Anna K. Diehn, There's No Place Like "home": Sec. 162(a)(2) and Why Married Taxpayers Just Can't Get "away"

Publication year2010

THERE'S NO PLACE LIKE "HOME": Sec. 162(A)(2) AND WHY MARRIED TAXPAYERS JUST CAN'T GET "AWAY"

ABSTRACT

This Comment examines Sec. 162(a)(2) of the Internal Revenue Code, which allows a taxpayer to deduct expenses incurred while traveling "away from home" for business purposes. Under this provision, a taxpayer may deduct expenses for travel fares, meals, and lodging. Although such expenses would seem to be non-deductible because they are personal in nature, Congress created a limited exception under Sec. 162(a)(2) to alleviate the burden on the taxpayer whose job requires him to work away from home and therefore essentially incur duplicate living expenses. On the face of the statute, the only apparent requirement is that a taxpayer must be "away from home," but the statute's simplicity is deceptive.

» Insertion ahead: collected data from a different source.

text \<open>With \<open>L = \<sigma>\<^sup>2/u\<close>, the density on \<open>[u, u + L]\<close> is at least \<open>e\<^sup>-\<^sup>3\<^sup>/\<^sup>2 \<phi>(u)\<close>, while
  by Mills' inequality the whole tail has mass at most \<open>\<phi>(u) L\<close>.\<close>

lemma normal_weighted_square_lower_far:
  assumes \<sigma>_pos: "\<sigma> > 0" and u: "\<sigma> < u" "u + \<sigma> \<le> R"
  shows "(\<sigma>\<^sup>2 / u)\<^sup>2 / 1000 * (LINT y:{u..R}|lborel. normal_density 0 \<sigma> y)
    \<le> (LINT y:{u..R}|lborel. (y - m)\<^sup>2 * normal_density 0 \<sigma> y)"
proof -
  let ?\<phi> = "normal_density 0 \<sigma>"
  define L where "L = \<sigma>\<^sup>2 / u"
  have u_pos: "u > 0" using u \<sigma>_pos by linarith
  have L_pos: "L > 0" unfolding L_def using \<sigma>_pos u_pos by simp
  have L_le: "L \<le> \<sigma>" unfolding L_def using u \<sigma>_pos u_pos by (simp add: divide_le_eq power2_eq_square)
  have uL: "u * L = \<sigma>\<^sup>2" unfolding L_def using u_pos by simp
  have density_lower: "?\<phi> u * exp (-3/2) \<le> ?\<phi> y" if "u \<le> y" "y \<le> u + L" for y
  proof -
    have "y\<^sup>2 \<le> (u + L)\<^sup>2" using that u_pos by (intro power_mono) auto
    also have "\<dots> = u\<^sup>2 + 2 * \<sigma>\<^sup>2 + L\<^sup>2" using uL by (simp add: power2_eq_square algebra_simps)
    also have "\<dots> \<le> u\<^sup>2 + 3 * \<sigma>\<^sup>2" using L_le L_pos power_mono[OF L_le, of 2] by simp
    finally have "y\<^sup>2 / (2 * \<sigma>\<^sup>2) \<le> (u\<^sup>2 + 3 * \<sigma>\<^sup>2) / (2 * \<sigma>\<^sup>2)" by (intro divide_right_mono) auto
    also have "\<dots> = u\<^sup>2 / (2 * \<sigma>\<^sup>2) + 3/2" using \<sigma>_pos by (simp add: field_simps)
    finally have "exp (- u\<^sup>2 / (2 * \<sigma>\<^sup>2)) * exp (-3/2) \<le> exp (- y\<^sup>2 / (2 * \<sigma>\<^sup>2))"
      by (simp add: exp_add[symmetric])
    from mult_left_mono[OF this, of "1 / sqrt (2 * pi * \<sigma>\<^sup>2)"]
    show ?thesis unfolding normal_density_centered by (simp add: mult.assoc)
  qed
  have \<phi>u_pos: "?\<phi> u > 0" using \<sigma>_pos by (rule normal_density_pos)
  have "?\<phi> u * exp (-3/2) * L^3 / 12 \<le> (LINT y:{u..u+L}|lborel. (y - m)\<^sup>2 * ?\<phi> y)"
    using density_lower L_pos \<phi>u_pos
    by (intro set_integral_Icc_weighted_square_lower continuous_on_normal_density[OF \<sigma>_pos]) auto
  also have "\<dots> \<le> (LINT y:{u..R}|lborel. (y - m)\<^sup>2 * ?\<phi> y)"
    using u L_le \<sigma>_pos
    by (intro set_integral_Icc_mono_set continuous_intros continuous_on_normal_density) auto
  finally have lower: "?\<phi> u * exp (-3/2) * L^3 / 12 \<le> (LINT y:{u..R}|lborel. (y - m)\<^sup>2 * ?\<phi> y)" .
  have "(LINT y:{u..R}|lborel. ?\<phi> y) \<le> ?\<phi> u * L"
    using normal_tail_le_Mills[OF \<sigma>_pos u_pos, of R] u \<sigma>_pos unfolding L_def by simp
  then have "L\<^sup>2 / 1000 * (LINT y:{u..R}|lborel. ?\<phi> y) \<le> L\<^sup>2 / 1000 * (?\<phi> u * L)"
    by (intro mult_left_mono) auto
  also have "\<dots> \<le> ?\<phi> u * exp (-3/2) * L^3 / 12"
  proof -
    have "exp (3/2::real) \<le> 9"
      using exp_2_le_9 exp_le_cancel_iff[of "3/2::real" 2] by linarith
    then have "1 / 1000 \<le> exp (-3/2::real) / 12" by (simp add: exp_minus field_simps)
    then have "1 / 1000 * (?\<phi> u * L^3) \<le> exp (-3/2::real) / 12 * (?\<phi> u * L^3)"
      using \<phi>u_pos L_pos by (intro mult_right_mono) auto
    then show ?thesis by (simp add: power2_eq_square power3_eq_cube field_simps)
  qed
  finally show ?thesis using lower unfolding L_def by linarith
qed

Taxpayers who wish to deduct travel expenses under Sec. 162(a)(2) face nearly a century of inconsistent interpretations and arbitrary limitations of when a taxpayer is considered "away." By analyzing a range of both cases and characteristics of different taxpayers, this Comment reveals an additional complication: the Internal Revenue Service (IRS) and courts have created a "marriage penalty" that severely limits the availability of the Sec. 162(a)(2) deduction for married taxpayers. This Comment further uncovers a gender bias against married women in the application of the provision by the IRS and courts. The gender makeup of the workforce has changed significantly since

Sec. 162(a)(2) first appeared in the Tax Code in 1921, and a revision is necessary to alleviate the burden it imposes on working families.

INTRODUCTION

Every presidential election, the public pressures the candidates to release their income tax returns, and the 2008 election was no exception.1While serving as governor of Alaska, Sarah Palin worked out of both Juneau, the state capital, and Wasilla, her hometown where she resides with her husband and children.2On her 2007 income tax return, Governor Palin claimed a $16,591 deduction under Sec. 162(a)(2) for travel expenses she incurred while working out of Wasilla.3Under Sec. 162(a)(2) of the Internal Revenue Code, only expenses incurred while "away from home" are deductible.4A taxpayer unfamiliar with

Sec. 162(a)(2) might assume that Governor Palin could deduct the expenses incurred in Juneau because only then was she truly away from her hometown of Wasilla. However, the answer is not so simple.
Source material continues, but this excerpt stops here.